Обнаров взял ее руку, осторожно поднес к губам, поцеловал, сделав над собой усилие, отстранился, сел в машину, осторожно сдав назад, вырулил из тисков стоянки и в считанные секунды скрылся из виду.

Глава 2. Костя

– Мама, я дома! Я денег заработал. Несу тебе. Ты где?

Обнаров снял ботинки, заглянул в комнату матери.

Комната была пуста.

– Мама? – встревоженно позвал он.

Обнаров прислушался. Из кухни доносился звук телевизора. Показывали его недавний фильм «Второй». Дело близилось к развязке, где его герой погибал. Он деликатно постучал и распахнул дверь.

Мать сидела на диване и вытирала уголком фартука слезы.

– Привет, родная. Не спится?

– А я тут… Кино вот…

Обнаров выключил телевизор.

– Я его в окошко выброшу, если ты будешь плакать над ерундой!

– Так жалко же… – попыталась оправдаться мать.

– Марта Федоровна, ваш сын здесь. Рядом. Дома. А там, – он ткнул пальцем в потухший экран, – заезженная пленка. – Вот деньги. Убери в свою кубышку.

Он положил на стол пачку пятитысячных купюр.

– Костенька, много…

– Всего пятьсот тысяч. Нет, уже четыреста девяносто пять. Я в кафе расплатился.

– Оставь себе немного. Деньги всегда в кармане должны быть.

– У меня кредитная карта.

– А ГАИшники?

– Я же опер Миша Разов. Мам, ты забыла? Четыре сезона. Со своих они денег не берут. Да я и не нарушаю. Почти… – уточнил он, припомнив сегодняшний коньяк.

Ссадины, оставшиеся от пощечины, ныли. Левая щека покраснела и припухла. Пытаясь снять отек, Обнаров долго умывался, то и дело прикладывая наполненные ледяной водой ладони к лицу.

В коридоре его, выходящего из ванной, встретила мать.

– На-ка, приложи это, – Марта Федоровна протянула два мешочка со льдом, завернутые в маленькие кухонные полотенца. – Иначе завтра с синяками пойдешь.

– Спасибо.

– Жду тебя к столу. Надеюсь, расскажешь матери, с кем подрался?

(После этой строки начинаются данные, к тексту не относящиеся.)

lemma rerouted_vertex_inj_image:
  assumes "distinct xs" "u \<notin> set xs" "d \<le> length xs"
  shows "inj_on (rerouted_vertex xs d u) {..<length xs + 1}"
    and "rerouted_vertex xs d u ` {..<length xs + 1} = insert u (set xs)"
proof -
  let ?l = "length xs" and ?w = "rerouted_vertex xs d u" and ?p = "reroute_vertex_index (length xs) d"
  have p: "inj_on ?p {1..?l}" "?p ` {1..?l} = {..<?l}"
    using reroute_vertex_index_bij[OF assms(3)] unfolding bij_betw_def by auto
  have nth: "inj_on (nth xs) {..<?l}" "nth xs ` {..<?l} = set xs"
    using assms(1) by (auto simp: inj_on_nth set_conv_nth)
  have w_eq: "?w m = (nth xs \<circ> ?p) m" if "m \<in> {1..?l}" for m
    using that unfolding rerouted_vertex_def by simp
  have "inj_on (nth xs \<circ> ?p) {1..?l}" using comp_inj_on[OF p(1)] nth(1) p(2) by simp
  then have inj: "inj_on ?w {1..?l}" using inj_on_cong[of "{1..?l}" ?w "nth xs \<circ> ?p", OF w_eq] by simp
  have "?w ` {1..?l} = (nth xs \<circ> ?p) ` {1..?l}" using image_cong[OF refl w_eq] .
  also have "\<dots> = nth xs ` ?p ` {1..?l}" by (rule image_comp[symmetric])
  finally have img: "?w ` {1..?l} = set xs" using nth(2) p(2) by simp
  have "{..<?l + 1} = insert 0 {1..?l}" "?w 0 = u" by (auto simp: rerouted_vertex_def)
  then show "inj_on ?w {..<?l + 1}" "?w ` {..<?l + 1} = insert u (set xs)"
    using inj img assms(2) by auto
qed

lemma rerouted_edge_inj_image:
  assumes ys: "distinct ys" and d: "1 \<le> d" "d < length ys"
    and new: "A \<noteq> B" "A \<noteq> F" "B \<noteq> F"
      "\<And>k. k + 1 < length ys \<Longrightarrow> k \<noteq> d - 1 \<Longrightarrow> ys ! k \<notin> {A, B, F}"
  shows "inj_on (rerouted_edge ys d A B F) {..<length ys + 1}"
    and "rerouted_edge ys d A B F ` {..<length ys + 1} \<subseteq> insert A (insert B (insert F (set ys)))"
proof -
  let ?l = "length ys" and ?g = "rerouted_edge ys d A B F" and ?q = "reroute_edge_index (length ys) d"
  define M where "M = {1..<?l} - {?l - d}"
  have q: "inj_on ?q M" "?q ` M \<subseteq> {k. k + 1 < ?l \<and> k \<noteq> d - 1}"
    using reroute_edge_index_inj[OF d] reroute_edge_index_image[OF d] unfolding M_def by auto
  have g_M: "?g m = (nth ys \<circ> ?q) m" if "m \<in> M" for m
    using that unfolding rerouted_edge_def M_def by auto
  have "inj_on (nth ys) (?q ` M)" using q(2) ys by (intro inj_on_nth) auto
  then have "inj_on (nth ys \<circ> ?q) M" by (rule comp_inj_on[OF q(1)])
  then have inj_M: "inj_on ?g M" using inj_on_cong[of M ?g "nth ys \<circ> ?q", OF g_M] by simp
  have "?g ` M = nth ys ` ?q ` M" using image_cong[OF refl g_M] by (simp add: image_comp)
  then have img_M: "?g ` M \<subseteq> nth ys ` {k. k + 1 < ?l \<and> k \<noteq> d - 1}"
    using q(2) by (simp add: image_mono)
  have corners: "{..<?l + 1} = {0, ?l - d, ?l} \<union> M" "{0, ?l - d, ?l} \<inter> M = {}"
    "M \<inter> {0, ?l - d, ?l} = {}"
    using d unfolding M_def by auto
  have "?g 0 = A" "?g (?l - d) = F" "?g ?l = B" "0 \<noteq> ?l - d" "0 \<noteq> ?l" "?l - d \<noteq> ?l"
    using d unfolding rerouted_edge_def by auto
  then have inj_corners: "inj_on ?g {0, ?l - d, ?l}" and img_corners: "?g ` {0, ?l - d, ?l} = {A, F, B}"
    using new(1-3) by (simp_all add: inj_on_def)
  have "x \<notin> {A, B, F}" if "x \<in> ?g ` M" for x
  proof -
    have "x \<in> nth ys ` {k. k + 1 < ?l \<and> k \<noteq> d - 1}" using that img_M ..
    then obtain k where "k + 1 < ?l" "k \<noteq> d - 1" "x = ys ! k" by blast
    then show ?thesis using new(4) by simp
  qed
  then have "?g ` {0, ?l - d, ?l} \<inter> ?g ` M = {}" unfolding img_corners by blast
  then show "inj_on ?g {..<?l + 1}"
    unfolding corners(1) inj_on_Un Diff_triv[OF corners(2)] Diff_triv[OF corners(3)]
    using inj_corners inj_M by blast
  have "nth ys ` {k. k + 1 < ?l \<and> k \<noteq> d - 1} \<subseteq> set ys" by auto
  with img_M have "?g ` M \<subseteq> set ys" by (rule order_trans)
  then show "?g ` {..<?l + 1} \<subseteq> insert A (insert B (insert F (set ys)))"
    unfolding corners(1) image_Un img_corners by blast
qed

lemma rerouted_cycle_linked:
  assumes C: "berge_cycle V E xs ys" and d: "1 \<le> d" "d < length xs"
    and A: "u \<in> A" "xs ! (length xs - 1) \<in> A" and B: "u \<in> B" "xs ! (d - 1) \<in> B"
    and F: "xs ! 0 \<in> F" "xs ! d \<in> F"
    and m: "m < length xs + 1"
  shows "rerouted_vertex xs d u m \<in> rerouted_edge ys d A B F m \<and>
    rerouted_vertex xs d u (Suc m mod (length xs + 1)) \<in> rerouted_edge ys d A B F m"
proof -
  let ?l = "length xs"
  have len: "length ys = ?l" using C unfolding berge_cycle_def by simp
  have edge: "xs ! k \<in> ys ! k" "xs ! (k + 1) \<in> ys ! k" if "k + 1 < ?l" for k
    using berge_cycle_edge_contains[OF C that] by auto
  note defs = rerouted_vertex_def rerouted_edge_def reroute_vertex_index_def reroute_edge_index_def len
  consider "m = 0" | "0 < m" "m < ?l - d" | "m = ?l - d" | "?l - d < m" "m < ?l" | "m = ?l"
    using m d by linarith
  then show ?thesis
  proof cases
    case 1
    then show ?thesis using A d unfolding defs by auto
  next
    case 2
    then have "?l - m - 1 + 1 < ?l" "?l - m - 1 + 1 = ?l - m" by auto
    then show ?thesis using 2 edge[of "?l - m - 1"] unfolding defs by auto
  next
    case 3
    then show ?thesis using F d unfolding defs by auto
  next
    case 4
    then have "m - (?l - d + 1) + 1 < ?l" "m + 1 - (?l - d + 1) = m - (?l - d + 1) + 1" by auto
    then show ?thesis using 4 edge[of "m - (?l - d + 1)"] unfolding defs by auto
  next
    case 5
    then have "?l - (?l - d + 1) = d - 1" using d by auto
    then show ?thesis using 5 B d unfolding defs by auto
  qed
qed

lemma berge_cycle_reroute:
  assumes C: "berge_cycle V E xs ys" and l: "length xs = l"
    and d: "1 \<le> d" "d < l"
    and u: "u \<in> V" "u \<notin> set xs"
    and A: "A \<in> E" "u \<in> A" "xs ! (l - 1) \<in> A"
    and B: "B \<in> E" "u \<in> B" "xs ! (d - 1) \<in> B"
    and F: "F \<in> E" "xs ! 0 \<in> F" "xs ! d \<in> F"
    and new: "A \<noteq> B" "A \<noteq> F" "B \<noteq> F"
      "\<And>k. k + 1 < l \<Longrightarrow> k \<noteq> d - 1 \<Longrightarrow> ys ! k \<notin> {A, B, F}"
  shows "\<exists>ws gs. berge_cycle V E ws gs \<and> set ws = insert u (set xs)"
proof -
  have ys: "length ys = l" "distinct xs" "distinct ys" "set xs \<subseteq> V" "set ys \<subseteq> E"
    using C l unfolding berge_cycle_def by auto
  let ?w = "rerouted_vertex xs d u" and ?g = "rerouted_edge ys d A B F"
  have w: "inj_on ?w {..<l + 1}" "?w ` {..<l + 1} = insert u (set xs)"
    using rerouted_vertex_inj_image[OF ys(2) u(2)] d l by auto
  have g: "inj_on ?g {..<l + 1}" "?g ` {..<l + 1} \<subseteq> insert A (insert B (insert F (set ys)))"
    using rerouted_edge_inj_image[OF ys(3), of d A B F] d new ys(1) by auto
  have "berge_cycle V E (map ?w [0..<l + 1]) (map ?g [0..<l + 1])"
  proof (rule berge_cycle_of_fun)
    show "?w ` {..<l + 1} \<subseteq> V" unfolding w(2) using u(1) ys(4) by simp
    have "insert A (insert B (insert F (set ys))) \<subseteq> E" using A(1) B(1) F(1) ys(5) by simp
    with g(2) show "?g ` {..<l + 1} \<subseteq> E" by (rule order_trans)
    show "?w m \<in> ?g m \<and> ?w (Suc m mod (l + 1)) \<in> ?g m" if "m < l + 1" for m
      using rerouted_cycle_linked[OF C _ _ A(2) _ B(2,3) F(2,3)] d A(3) l that by simp
  qed (use d w(1) g(1) in auto)
  moreover have "set (map ?w [0..<l + 1]) = insert u (set xs)"
    using w(2) by (simp only: set_map set_upt atLeast0LessThan)
  ultimately show ?thesis by blast
qed
definition G16 :: "nat set list" where
  "G16 =
    [{2, 4, 5, 7, 10, 11, 12, 13, 15},
     {0, 3, 4, 5, 6, 7, 8, 9, 10, 13, 15},
     {1, 4, 5, 6, 8, 9, 10, 11, 14},
     {0, 1, 2, 4, 5, 14, 15},
     {2, 6, 10, 13, 15},
     {2, 3, 4, 5, 7, 8, 12, 13, 14},
     {4, 5, 7, 8, 10, 12, 13},
     {2, 3, 4, 5, 15},
     {0, 3, 5, 8, 10, 11, 13},
     {0, 1, 4, 6, 11, 12, 15}]"

lemma G14_rows: "\<forall>r\<in>set G14. r \<subseteq> {..<14}"
  by (simp add: G14_def)

lemma G16_rows: "\<forall>r\<in>set G16. r \<subseteq> {..<16}"
  by (simp add: G16_def)

lemma G14_orthonormal: "orthonormal G14"
  unfolding G14_def by code_simp

lemma G16_orthonormal: "orthonormal G16"
  unfolding G16_def by code_simp

lemma G14_weights:
  "all_sums (\<lambda>v. weight_ge 1 v \<longrightarrow> weight_ge 4 v) (replicate 14 False) (map (bits 14) G14)"
  unfolding G14_def by code_simp

lemma G16_weights:
  "all_sums (\<lambda>v. weight_ge 1 v \<longrightarrow> weight_ge 4 v) (replicate 16 False) (map (bits 16) G16)"
  unfolding G16_def by code_simp

theorem proposition3p8:
  shows "(\<exists>C. code_nk 14 8 C \<and> LCD 14 C \<and> odd_like C \<and> min_dist C = 4)
       \<and> (\<exists>C. code_nk 16 10 C \<and> LCD 16 C \<and> odd_like C \<and> min_dist C = 4)
       \<and> (\<forall>C. code_nk 14 8 C \<and> LCD 14 C \<longrightarrow> min_dist C \<le> 4)
       \<and> (\<forall>C. code_nk 16 10 C \<and> LCD 16 C \<longrightarrow> min_dist C \<le> 4)"
proof (intro conjI allI impI)
  have hamming14: "(2::nat) ^ 14 < 2 ^ 8 * (\<Sum>i\<le>2. 14 choose i)"
    and hamming16: "(2::nat) ^ 16 < 2 ^ 10 * (\<Sum>i\<le>2. 16 choose i)"
    by (simp_all add: atMost_nat_numeral choose_two)
  have G14: "length G14 = 8" "G14 \<noteq> []" and G16: "length G16 = 10" "G16 \<noteq> []"
    by (simp_all add: G14_def G16_def)
  show "\<exists>C. code_nk 14 8 C \<and> LCD 14 C \<and> odd_like C \<and> min_dist C = 4"
    using odd_like_LCD_code_with_min_dist[of G14 14 2] G14_rows G14_orthonormal G14_weights
      G14 hamming14 by simp
  show "\<exists>C. code_nk 16 10 C \<and> LCD 16 C \<and> odd_like C \<and> min_dist C = 4"
    using odd_like_LCD_code_with_min_dist[of G16 16 2] G16_rows G16_orthonormal G16_weights
      G16 hamming16 by simp
  show "min_dist C \<le> 4" if "code_nk 14 8 C \<and> LCD 14 C" for C
    using min_dist_le_of_hamming[OF _ _ hamming14] that by simp
  show "min_dist C \<le> 4" if "code_nk 16 10 C \<and> LCD 16 C" for C
    using min_dist_le_of_hamming[OF _ _ hamming16] that by simp
qed

end
(* Let $\alpha\in\mathbb{Z}_2^n$ with $\alpha_{n-1}=0$. Then $\mathrm{adp}^{\oplus}(\overline{\alpha},\overline{\alpha}\to0)\le\mathrm{adp}^{\oplus}(\alpha,\alpha\to0)$.
   Context: For $x\in\mathbb{Z}_2^n$, $x=(x_0,\dots,x_{n-1})$ is identified with the integer $\sum_i x_i2^{n-1-i}$ ($x_{n-1}$ least significant); $+$ is addition modulo $2^n$, $\oplus$ is bitwise XOR, $\overline{x}$ is the bitwise complement. $\mathrm{adp}^{\oplus}(\alpha,\beta\to\gamma)=4^{-n}\#\{(x,y)\in(\mathbb{Z}_2^n)^2: (x+\alpha)\oplus(y+\beta)=(x\oplus y)+\gamma\}$. *)

theory Defs
  imports Complex_Main
begin

text \<open>Elements of Z_2^n are identified with naturals in {0..<2^n} (bit x_i is the
coefficient of 2^(n-1-i), so x_(n-1) is the least significant bit).\<close>

definition addn :: "nat \<Rightarrow> nat \<Rightarrow> nat \<Rightarrow> nat" where
  "addn n x y = (x + y) mod 2 ^ n"

definition compl_n :: "nat \<Rightarrow> nat \<Rightarrow> nat" where
  "compl_n n x = (2 ^ n - 1) - x"

definition adp_xor :: "nat \<Rightarrow> nat \<Rightarrow> nat \<Rightarrow> nat \<Rightarrow> real" where
  "adp_xor n a b g =
     real (card {(x, y). x < 2 ^ n \<and> y < 2 ^ n \<and>
        xor (addn n x a) (addn n y b) = addn n (xor x y) g}) / 4 ^ n"

end

theory Submission
  imports Defs
begin

text \<open>Let carry_count m a c d be the number of pairs (x, y) of m-bit words with
(x + a + c) xor (y + a + d) = x xor y modulo 2^m, where c and d are carries entering at the
least significant bit; adp(a, a \<rightarrow> 0) is carry_count n a 0 0 / 4^n. Looking at the least
significant bit, the two carries must agree, and the count for a with carry c is
four times the count for a div 2 with the same carry if the low bit of a equals c, and otherwise
the sum of the counts with carries 0 and 1 (each pair of low bits of x and y passes its own
carry on). Since complementing a flips its low bit, this recursion shows that complementing a
exchanges carries 0 and 1, so adp(\<not>\<alpha>, \<not>\<alpha> \<rightarrow> 0) is the count for \<alpha> with carry 1.
By induction the carry-1 count is at most three times the carry-0 count, and for even \<alpha> one
more step of the recursion improves this to the claim.\<close>

lemma sum_lessThan_double:
  "(\<Sum>x<2 * n. f x) = (\<Sum>x<n. \<Sum>e<2. f (2 * x + e))" for f :: "nat \<Rightarrow> 'a::comm_monoid_add"
  by (induction n) (auto simp: numeral_2_eq_2 lessThan_Suc add_ac)

lemma double_add_mod_pow_Suc:
  fixes u e :: nat
  assumes "e < 2"
  shows "(2 * u + e) mod 2 ^ Suc k = 2 * (u mod 2 ^ k) + e"
  using assms mod_mult2_eq[of "2 * u + e" 2 "2 ^ k"] by simp

lemma xor_double_add:
  fixes u v e f :: nat
  assumes "e < 2" "f < 2"
  shows "xor (2 * u + e) (2 * v + f) = 2 * xor u v + of_bool (e \<noteq> f)"
  using assms by (subst xor_rec) (auto simp: less_2_cases_iff)

lemma double_add_of_bool_eq_iff:
  "2 * p + of_bool s = 2 * q + of_bool t \<longleftrightarrow> p = q \<and> s = t" for p q :: nat
  by (cases s; cases t; simp) presburger+

lemma card_pairs_eq_sum_of_bool:
  "card {(x, y). x < N \<and> y < N \<and> P x y} = (\<Sum>x<N. \<Sum>y<N. of_bool (P x y))" for N :: nat
proof -
  have "(\<Sum>x<N. \<Sum>y<N. of_bool (P x y) :: nat) = (\<Sum>(x, y)\<in>{..<N} \<times> {..<N}. of_bool (P x y))"
    by (rule sum.cartesian_product)
  also have "\<dots> = card ({..<N} \<times> {..<N} \<inter> {(x, y). P x y})"
    by (simp add: case_prod_unfold)
  also have "{..<N} \<times> {..<N} \<inter> {(x, y). P x y} = {(x, y). x < N \<and> y < N \<and> P x y}"
    by auto
  finally show ?thesis ..
qed

lemma carry_step_iff:
  fixes x y x0 y0 a c d :: nat
  assumes "x0 < 2" "y0 < 2" "c \<le> 1" "d \<le> 1"
  defines "c' \<equiv> (x0 + a mod 2 + c) div 2" and "d' \<equiv> (y0 + a mod 2 + d) div 2"
  shows "xor ((2 * x + x0 + a + c) mod 2 ^ Suc k) ((2 * y + y0 + a + d) mod 2 ^ Suc k)
           = xor (2 * x + x0) (2 * y + y0)
    \<longleftrightarrow> c = d \<and> xor ((x + a div 2 + c') mod 2 ^ k) ((y + a div 2 + d') mod 2 ^ k) = xor x y"
proof -
  define e f where "e = (x0 + a mod 2 + c) mod 2" and "f = (y0 + a mod 2 + d) mod 2"
  have "2 * x + x0 + a + c = 2 * (x + a div 2 + c') + e"
       "2 * y + y0 + a + d = 2 * (y + a div 2 + d') + f"
    unfolding c'_def d'_def e_def f_def by simp_all
  moreover have "e < 2" "f < 2"
    unfolding e_def f_def by simp_all
  moreover have "(e \<noteq> f) = (x0 \<noteq> y0) \<longleftrightarrow> c = d"
    unfolding e_def f_def using assms(1-4) by (auto simp: less_2_cases_iff le_Suc_eq mod2_eq_if)
  ultimately show ?thesis
    using assms(1,2)
    by (simp only: double_add_mod_pow_Suc xor_double_add double_add_of_bool_eq_iff) blast
qed

definition carry_count :: "nat \<Rightarrow> nat \<Rightarrow> nat \<Rightarrow> nat \<Rightarrow> nat" where
  "carry_count m a c d =
     (\<Sum>x<2 ^ m. \<Sum>y<2 ^ m. of_bool (xor ((x + a + c) mod 2 ^ m) ((y + a + d) mod 2 ^ m) = xor x y))"

lemma carry_count_Suc:
  assumes "c \<le> 1" "d \<le> 1"
  shows "carry_count (Suc k) a c d =
    (if c = d then (\<Sum>e<2. \<Sum>f<2.
       carry_count k (a div 2) ((e + a mod 2 + c) div 2) ((f + a mod 2 + d) div 2)) else 0)"
proof -
  let ?P = "\<lambda>x e y f. xor ((x + a div 2 + (e + a mod 2 + c) div 2) mod 2 ^ k)
                           ((y + a div 2 + (f + a mod 2 + d) div 2) mod 2 ^ k) = xor x y"
  have "carry_count (Suc k) a c d = (\<Sum>x<2^k. \<Sum>e<2. \<Sum>y<2^k. \<Sum>f<2. of_bool (c = d \<and> ?P x e y f))"
    unfolding carry_count_def power_Suc sum_lessThan_double
    using carry_step_iff[OF _ _ assms] by (intro sum.cong refl) simp
  also have "\<dots> = (\<Sum>e<2. \<Sum>f<2. \<Sum>x<2^k. \<Sum>y<2^k. of_bool (c = d \<and> ?P x e y f))"
    by (simp add: numeral_2_eq_2 lessThan_Suc sum.distrib del: sum_of_bool_eq)
  finally show ?thesis
    by (cases "c = d") (simp_all add: carry_count_def del: sum_of_bool_eq)
qed

lemma carry_count_0 [simp]: "carry_count 0 a c d = 1"
  by (simp add: carry_count_def)

lemma carry_count_unequal:
  "c \<le> 1 \<Longrightarrow> d \<le> 1 \<Longrightarrow> c \<noteq> d \<Longrightarrow> carry_count m a c d = of_bool (m = 0)"
  by (cases m) (simp_all add: carry_count_Suc)

lemma carry_count_Suc_stable:
  assumes "a mod 2 = c"
  shows "carry_count (Suc k) a c c = 4 * carry_count k (a div 2) c c"
proof -
  have "c = 0 \<or> c = 1"
    using assms by auto
  then show ?thesis
    using assms by (elim disjE) (simp_all add: carry_count_Suc lessThan_nat_numeral)
qed

text \<open>The term 2 * of_bool (k = 0) collects the mixed-carry counts, which vanish unless k = 0.\<close>

lemma carry_count_Suc_mixing:
  assumes "c \<le> 1" "a mod 2 \<noteq> c"
  shows "carry_count (Suc k) a c c =
    carry_count k (a div 2) 0 0 + carry_count k (a div 2) 1 1 + 2 * of_bool (k = 0)"
proof -
  have "a mod 2 + c = 1"
    using assms by (auto simp: le_Suc_eq mod2_eq_if split: if_splits)
  then show ?thesis
    using assms(1) carry_count_unequal[of 0 1 k "a div 2"] carry_count_unequal[of 1 0 k "a div 2"]
    by (simp add: carry_count_Suc lessThan_nat_numeral add.assoc)
qed

lemma adp_xor_eq_carry_count: "adp_xor n a a 0 = carry_count n a 0 0 / 4 ^ n"
proof -
  have "addn n (xor x y) 0 = xor x y" if "x < 2 ^ n" "y < 2 ^ n" for x y
    using that by (simp add: addn_def flip: take_bit_eq_mod add: take_bit_xor take_bit_nat_eq_self)
  then have sols: "{(x, y). x < 2 ^ n \<and> y < 2 ^ n \<and> xor (addn n x a) (addn n y a) = addn n (xor x y) 0}
      = {(x, y). x < 2 ^ n \<and> y < 2 ^ n \<and> xor ((x + a) mod 2 ^ n) ((y + a) mod 2 ^ n) = xor x y}"
    by (auto simp: addn_def)
  show ?thesis
    unfolding adp_xor_def sols card_pairs_eq_sum_of_bool carry_count_def by simp
qed

lemma carry_count_carry_le: "carry_count m a 1 1 \<le> 3 * carry_count m a 0 0"
proof (induction m arbitrary: a)
  case 0
  then show ?case by simp
next
  case (Suc k)
  have "carry_count k (a div 2) 1 1 \<le> 3 * carry_count k (a div 2) 0 0"
    by (rule Suc.IH)
  then show ?case
    by (cases "a mod 2 = 0")
       (auto simp: carry_count_Suc_stable carry_count_Suc_mixing)
qed

lemma carry_count_carry_le_even:
  assumes "even a"
  shows "carry_count (Suc k) a 1 1 \<le> carry_count (Suc k) a 0 0"
  using assms carry_count_carry_le[of k "a div 2"]
  by (cases "k = 0") (auto simp: carry_count_Suc_stable carry_count_Suc_mixing)

lemma compl_n_Suc_div_mod:
  assumes "a < 2 ^ Suc k"
  shows "compl_n (Suc k) a div 2 = compl_n k (a div 2)"
    and "compl_n (Suc k) a mod 2 = 1 - a mod 2"
proof -
  define r where "r = 1 - a mod 2"
  have "a = 2 * (a div 2) + a mod 2" "a mod 2 < 2" "a < 2 * 2 ^ k"
    using assms by simp_all
  then have "compl_n (Suc k) a = 2 * compl_n k (a div 2) + r" "r < 2"
    unfolding compl_n_def power_Suc r_def by linarith+
  then show "compl_n (Suc k) a div 2 = compl_n k (a div 2)" "compl_n (Suc k) a mod 2 = 1 - a mod 2"
    unfolding r_def[symmetric] by simp_all
qed

lemma carry_count_compl:
  assumes "a < 2 ^ m" "c \<le> 1"
  shows "carry_count m (compl_n m a) c c = carry_count m a (1 - c) (1 - c)"
  using assms
proof (induction m arbitrary: a c)
  case 0
  then show ?case by simp
next
  case (Suc k)
  have IH: "carry_count k (compl_n k (a div 2)) c' c' = carry_count k (a div 2) (1 - c') (1 - c')"
    if "c' \<le> 1" for c'
    using Suc.prems that by (intro Suc.IH) auto
  have "compl_n (Suc k) a mod 2 = c \<longleftrightarrow> a mod 2 = 1 - c"
    using compl_n_Suc_div_mod(2)[OF Suc.prems(1)] Suc.prems(2) by auto
  then show ?case
    using compl_n_Suc_div_mod(1)[OF Suc.prems(1)] Suc.prems(2) IH[of 0] IH[of 1] IH[of c]
    by (cases "a mod 2 = 1 - c") (auto simp: carry_count_Suc_stable carry_count_Suc_mixing)
qed

theorem lemma5:
  fixes n \<alpha> :: nat
  assumes "0 < n" and "\<alpha> < 2 ^ n" and "\<not> bit \<alpha> 0"
  shows "adp_xor n (compl_n n \<alpha>) (compl_n n \<alpha>) 0 \<le> adp_xor n \<alpha> \<alpha> 0"
proof -
  obtain k where n: "n = Suc k"
    using assms(1) gr0_implies_Suc by blast
  have "carry_count n (compl_n n \<alpha>) 0 0 = carry_count n \<alpha> 1 1"
    using carry_count_compl[OF assms(2), of 0] by simp
  also have "\<dots> \<le> carry_count n \<alpha> 0 0"
    unfolding n using assms(3) by (intro carry_count_carry_le_even) (simp add: bit_0)
  finally show ?thesis
    unfolding adp_xor_eq_carry_count by (simp add: divide_right_mono)
qed

end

Ужин был по-домашнему вкусным. Наевшись, Обнаров лег на диван, положив на лицо лед. Мать придвинула стул, села рядом. Маленькой теплой рукой она стала гладить сына по голове, непривычно, назад, зачесывая его темные волосы.

– Ты странно выглядишь, Костя. Пришел с разбитым лицом, а глаза счастливые… Как так?

– Мам, ты все равно не поверишь.

– Скажи правду, поверю. Откуда ссадины?

– Поклонницы поцарапали.

– Поклонница.

– Как догадалась?

– Я женщина, хоть и старая.

– Мам…

– Прекрати, Константин. Я знаю свой возраст. Отец твой не дожил, царство ему небесное. Не видит моего безобразия.

– Мама!

– Хорошо. К делу. Такие царапины, сын, остаются после того, как женщина с украшениями на пальцах или с длинными ногтями дает мужчине пощечину. Женщины редко дают пощечины. Это – крайность. Только за очень низкий поступок. Мой сын совершил низкий поступок?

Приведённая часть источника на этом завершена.